- Born: Edith Ndagire
- Other name: Life of the Party
- Occupations: DJ, media personality, radio presenter, television presenter, master of ceremonies
- Years active: 2020–present
- Known for: NTV Dance Party, NRG Radio Uganda, Becoming Life of the Party

= Etania Mutoni =

Ugandan DJ

Edith Ndagire (born August 25), professionally known as Forever Etania and Etania Mutoni, is a Ugandan DJ, media personality, radio presenter, television host, master of ceremonies (MC), and social media influencer.

She rose to prominence during the COVID-19 lockdown period in Uganda through her appearances on NTV Dance Party, which became one of the country's most popular entertainment programmes during restrictions on public gatherings.

Etania became known nationally during the lockdown period through her presentation style and audience engagement on television. Following her television breakthrough, she expanded into radio broadcasting, event hosting, brand partnerships, and professional deejaying, becoming one of Uganda's recognizable young entertainment personalities.

In April 2026, she headlined Becoming Life of the Party, a major entertainment showcase held at Lugogo Hockey Grounds in Kampala.

== Early life ==
Before entering mainstream media, Etania worked in Kampala's nightlife and entertainment industry. She was associated with the events and marketing collective Muchachos, where she worked as a hostess and developed skills in audience engagement and live entertainment.

Prior to gaining national recognition, she worked various jobs within the hospitality and entertainment sectors while pursuing opportunities in media and events.

== Career ==
=== Television career ===
Etania gained national recognition in 2020 when she joined NTV Dance Party, a music and entertainment programme launched during the COVID-19 lockdown period. The programme attracted large audiences and contributed to her rise .

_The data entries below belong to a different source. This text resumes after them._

lemma ex1_par_on_circle:
  assumes "K \<in> C"
  shows "\<exists>!v. v \<in> K \<and> par v u"
proof -
  have "\<forall>u. \<forall>K\<in>C. \<exists>!v. v \<in> K \<and> par v u"
    using laguerre_plane unfolding laguerre_plane_def by (elim conjE)
  then show ?thesis
    using assms by simp
qed

lemma ex_par_on_circle:
  assumes "K \<in> C"
  obtains v where "v \<in> K" "par v u"
  using ex1_par_on_circle[OF assms] by blast

lemma par_on_circle_eq:
  assumes "K \<in> C" "u \<in> K" "v \<in> K" "par u v"
  shows "u = v"
  using ex1_par_on_circle[OF assms(1), of v] assms(2-4) par_refl by blast

lemma circ_through:
  assumes "\<not> par a b" "\<not> par b c" "\<not> par a c"
  shows "circ C a b c \<in> C" "a \<in> circ C a b c" "b \<in> circ C a b c" "c \<in> circ C a b c"
  using theI'[OF ex1_circle_through[OF assms]] unfolding circ_def by auto

lemma circ_unique:
  assumes "\<not> par a b" "\<not> par b c" "\<not> par a c" "Z \<in> C" "a \<in> Z" "b \<in> Z" "c \<in> Z"
  shows "Z = circ C a b c"
  unfolding circ_def using assms by (intro the1_equality[symmetric] ex1_circle_through) auto

lemma circle_eq_three_points:
  assumes "Z \<in> C" "W \<in> C" "u \<in> Z" "v \<in> Z" "w \<in> Z" "u \<in> W" "v \<in> W" "w \<in> W"
    and "u \<noteq> v" "v \<noteq> w" "u \<noteq> w"
  shows "Z = W"
proof -
  have n: "\<not> par u v" "\<not> par v w" "\<not> par u w"
    using par_on_circle_eq assms(1,3-5,9-11) by blast+
  have "Z = circ C u v w"
    by (rule circ_unique[OF n assms(1,3-5)])
  also have "\<dots> = W"
    by (rule circ_unique[OF n assms(2,6-8), symmetric])
  finally show ?thesis .
qed

end

locale laguerre_C = laguerre +
  assumes axiom_C: "axiom_C C"
begin

lemma pencil_iff: "M \<in> pencil C u K \<longleftrightarrow> M \<in> C \<and> K \<in> C \<and> u \<in> M \<and> (M \<inter> K = {u} \<or> M = K)"
  unfolding pencil_def tangent_at_def by blast

lemma ex1_pencil_touching:
  assumes "K \<in> C" "L \<in> C" "u \<in> K" "u \<notin> L"
  shows "\<exists>!M. M \<in> pencil C u K \<and> (\<exists>y. M \<inter> L = {y})"
  using axiom_C assms unfolding axiom_C_def by simp

lemma ex_pencil_touching:
  assumes "K \<in> C" "L \<in> C" "u \<in> K" "u \<notin> L"
  obtains M y where "M \<in> pencil C u K" "M \<inter> L = {y}"
  using ex1_pencil_touching[OF assms] by blast

lemma pencil_touching_unique:
  assumes "K \<in> C" "L \<in> C" "u \<in> K" "u \<notin> L"
    and "M \<in> pencil C u K" "M \<inter> L = {y}" "M' \<in> pencil C u K" "M' \<inter> L = {y'}"
  shows "M = M'"
  using ex1_pencil_touching[OF assms(1-4)] assms(5-8) by blast

text \<open>\<open>A\<close> itself lies in its pencil at \<open>a\<close>, so by axiom (C) it cannot touch \<open>D\<close> as well.\<close>

lemma not_touching_if_pencil_touches:
  assumes "K \<in> pencil C a A" "K \<noteq> A" "D \<in> C" "a \<notin> D" "K \<inter> D = {x}"
  shows "\<nexists>y. A \<inter> D = {y}"
proof
  assume "\<exists>y. A \<inter> D = {y}"
  moreover have "A \<in> C" "a \<in> A" "A \<in> pencil C a A"
    using assms(1) by (auto simp: pencil_iff)
  ultimately have "K = A"
    using pencil_touching_unique assms by blast
  with assms(2) show False ..
qed

end

locale laguerre_S = laguerre +
  assumes axiom_S: "axiom_S C par"
begin

lemma touching_chain_concyclic:
  assumes "K \<in> C" "L \<in> C" "M \<in> C" "N \<in> C"
    and "K \<inter> L = {a}" "L \<inter> M = {b}" "M \<inter> N = {c}" "N \<inter> K = {d}" "\<not> par a c"
  shows "\<exists>Z\<in>C. a \<in> Z \<and> b \<in> Z \<and> c \<in> Z \<and> d \<in> Z"
  using axiom_S assms unfolding axiom_S_def by simp

text \<open>Otherwise \<open>p, q, y, b\<close> would be concyclic, with \<open>q \<parallel> b\<close> and \<open>q \<noteq> b\<close>.\<close>

lemma touching_chain_par:
  assumes "M \<in> C" "D \<in> C" "M' \<in> C" "A \<in> C"
    and "M \<inter> D = {p}" "D \<inter> M' = {q}" "M' \<inter> A = {y}" "A \<inter> M = {b}"
    and "par q b" "q \<noteq> b"
  shows "par p y"
  using touching_chain_concyclic[OF assms(1-8)] par_on_circle_eq assms(9,10) by blast

end

locale laguerre_CS = laguerre_C + laguerre_S
begin

lemma pencil_touching_concyclic:
  assumes "K \<in> pencil C a A" "x \<in> K" "x \<notin> A" "D \<in> C" "K \<inter> D = {x}" "a \<notin> D"
    and "u \<in> D" "u \<notin> A" "u \<noteq> x" "\<not> par a u"
  obtains M y where "M \<in> C" "M \<inter> D = {u}" "M \<inter> A = {y}" "y \<noteq> a"
    and "\<exists>Z\<in>C. a \<in> Z \<and> x \<in> Z \<and> u \<in> Z \<and> y \<in> Z"
proof -
  have K: "K \<in> C" "A \<in> C" "a \<in> A" "K \<inter> A = {a}" "K \<noteq> A"
    using assms(1-3) by (auto simp: pencil_iff)
  obtain M y where M: "M \<in> pencil C u D" "M \<inter> A = {y}"
    using ex_pencil_touching assms(4) K(2) assms(7,8) .
  have "\<nexists>y. A \<inter> D = {y}"
    using not_touching_if_pencil_touches assms(1) K(5) assms(4,6,5) .
  with M have MD: "M \<in> C" "M \<inter> D = {u}"
    by (auto simp: pencil_iff Int_commute)
  have "y \<noteq> a"
  proof
    assume "y = a"
    with M MD K have "M \<in> pencil C a A"
      by (auto simp: pencil_iff)
    then have "M = K"
      using pencil_touching_unique[OF K(2) assms(4) K(3) assms(6)] assms(1,5) MD(2) by blast
    with MD(2) assms(5,9) show False
      by blast
  qed
  moreover have "\<exists>Z\<in>C. a \<in> Z \<and> x \<in> Z \<and> u \<in> Z \<and> y \<in> Z"
    using touching_chain_concyclic[OF K(2,1) assms(4) MD(1)] K(4) assms(5,10) MD(2) M(2)
    by (simp add: Int_commute)
  ultimately show thesis
    using that MD M(2) by blast
qed

context
  fixes a b c x p K
  assumes ab: "\<not> par a b" and ac: "\<not> par a c" and ax: "\<not> par a x"
    and bc: "\<not> par b c" and bx: "\<not> par b x" and cx: "\<not> par c x"
    and x_notin_abc: "x \<notin> circ C a b c"
    and pc: "par p c" and p_on_abx: "p \<in> circ C a b x"
    and K: "K \<in> C" and xK: "x \<in> K" and K_pencil: "K \<in> pencil C a (circ C a b c)"
begin

lemma p_not_par: "\<not> par a p" "\<not> par b p" "\<not> par x p"
  using ac bc cx pc par_trans par_commute by metis+

lemma p_notin_K: "p \<notin> K"
proof
  assume "p \<in> K"
  have "a \<in> K" "K \<inter> circ C a b c = {a}"
    using K_pencil x_notin_abc xK by (auto simp: pencil_iff)
  have "a \<noteq> p" "p \<noteq> x" "a \<noteq> x"
    using p_not_par ax by auto
  then have "K = circ C a b x"
    using circle_eq_three_points[OF K circ_through(1)[OF ab bx ax] \<open>a \<in> K\<close> xK \<open>p \<in> K\<close>]
      circ_through(2,4)[OF ab bx ax] p_on_abx by blast
  then have "b \<in> K \<inter> circ C a b c"
    using circ_through(3)[OF ab bx ax] circ_through(3)[OF ab bc ac] by simp
  with \<open>K \<inter> circ C a b c = {a}\<close> ab show False
    by auto
qed

lemma p_notin_abc: "p \<notin> circ C a b c"
proof
  assume "p \<in> circ C a b c"
  then have "p = c"
    using par_on_circle_eq circ_through[OF ab bc ac] pc by blast
  then have "circ C a b x = circ C a b c"
    using circle_eq_three_points[OF circ_through(1)[OF ab bx ax] circ_through(1)[OF ab bc ac]]
      circ_through[OF ab bx ax] circ_through[OF ab bc ac] p_on_abx ab bc ac
    by (metis par_refl)
  then show False
    using circ_through(4)[OF ab bx ax] x_notin_abc by simp
qed

context
  fixes D
  assumes D: "D \<in> C" and pD: "p \<in> D" and KD: "K \<inter> D = {x}"
begin

lemma a_notin_D: "a \<notin> D"
proof
  assume "a \<in> D"
  moreover have "a \<in> K"
    using K_pencil by (simp add: pencil_iff)
  ultimately have "a = x"
    using KD by blast
  with ax show False
    by simp
qed

lemma ex_touching_at_p_and_b:
  obtains M where "M \<in> C" "M \<inter> D = {p}" "M \<inter> circ C a b c = {b}"
proof -
  have ap: "\<not> par a p" and "p \<noteq> x" "a \<noteq> p" "a \<noteq> x"
    using p_not_par ax by auto
  obtain M y where M: "M \<in> C" "M \<inter> D = {p}" "M \<inter> circ C a b c = {y}" "y \<noteq> a"
    and "\<exists>Z\<in>C. a \<in> Z \<and> x \<in> Z \<and> p \<in> Z \<and> y \<in> Z"
    using pencil_touching_concyclic[OF K_pencil xK x_notin_abc D KD a_notin_D pD p_notin_abc
        \<open>p \<noteq> x\<close> ap] .
  then obtain Z where Z: "Z \<in> C" "a \<in> Z" "x \<in> Z" "p \<in> Z" "y \<in> Z"
    by blast
  have "Z = circ C a b x"
    using circle_eq_three_points[OF Z(1) circ_through(1)[OF ab bx ax] Z(2-4)]
      circ_through(2,4)[OF ab bx ax] p_on_abx \<open>p \<noteq> x\<close> \<open>a \<noteq> p\<close> \<open>a \<noteq> x\<close> by blast
  then have "y \<in> circ C a b x"
    using Z(5) by simp
  moreover have "y \<in> circ C a b c"
    using M(3) by blast
  ultimately have "y = b"
    using circle_eq_three_points[OF circ_through(1)[OF ab bx ax] circ_through(1)[OF ab bc ac]]
      circ_through[OF ab bx ax] circ_through[OF ab bc ac] M(4) ab x_notin_abc
    by (metis par_refl)
  with M show thesis
    using that by blast
qed

lemma on_acx_if_on_D_par_b:
  assumes "v \<in> D" "par v b"
  shows "v \<in> circ C a c x"
proof -
  let ?A = "circ C a b c"
  have A: "?A \<in> C" "b \<in> ?A" "c \<in> ?A"
    using circ_through[OF ab bc ac] by simp_all
  obtain M where M: "M \<in> C" "M \<inter> D = {p}" "M \<inter> ?A = {b}"
    by (rule ex_touching_at_p_and_b)
  have "b \<notin> D"
  proof
    assume "b \<in> D"
    with M(2,3) have "b = p"
      by blast
    with p_not_par(2) show False
      by simp
  qed
  with assms have "v \<notin> ?A" "v \<noteq> b"
    using par_on_circle_eq[OF A(1) _ A(2)] by blast+
  moreover have "v \<noteq> x" "\<not> par a v"
    using assms(2) ab bx par_trans par_commute by blast+
  ultimately obtain M' y where M': "M' \<in> C" "M' \<inter> D = {v}" "M' \<inter> ?A = {y}"
    and "\<exists>Z\<in>C. a \<in> Z \<and> x \<in> Z \<and> v \<in> Z \<and> y \<in> Z"
    using pencil_touching_concyclic[OF K_pencil xK x_notin_abc D KD a_notin_D assms(1)] by metis
  then obtain Z where Z: "Z \<in> C" "a \<in> Z" "x \<in> Z" "v \<in> Z" "y \<in> Z"
    by blast
  have "par p y"
    using touching_chain_par[OF M(1) D M'(1) A(1) M(2) _ M'(3) _ assms(2) \<open>v \<noteq> b\<close>] M'(2) M(3)
    by (simp add: Int_commute)
  then have "y = c"
    using par_on_circle_eq[OF A(1) _ A(3)] M'(3) pc par_trans par_commute by blast
  then have "Z = circ C a c x"
    using circ_unique[OF ac cx ax Z(1,2)] Z(3,5) by simp
  with Z(4) show ?thesis
    by simp
qed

In later interviews, she stated that both NTV Uganda and NBS Television had approached her during the lockdown period, but she chose to join NTV Uganda.

Following her television work , she on roles in event hosting, commercial endorsements and entertainment appearances.

=== Radio career ===
Following her television presence, Etania joined NRG Radio Uganda, where she hosted entertainment programming and became one of the station's notable on-air personalities.

In April 2026, she announced her departure from NRG Radio through social media.

=== DJ career ===
Alongside her television and radio work, Etania developed a professional career as a DJ. She transitioned from event hosting and media presentation into live DJ performances across Uganda and East Africa.

Her growth as a DJ coincided with the increasing visibility of female DJs within Uganda's entertainment industry.

== Brand partnerships ==
Etania has worked with several brands operating within Uganda's entertainment and lifestyle sectors. She has been associated with Smirnoff Uganda and has appeared in promotional campaigns and entertainment events organized by the brand.

== Personal life ==
Etania's relationship with Ugandan singer Joshua Baraka.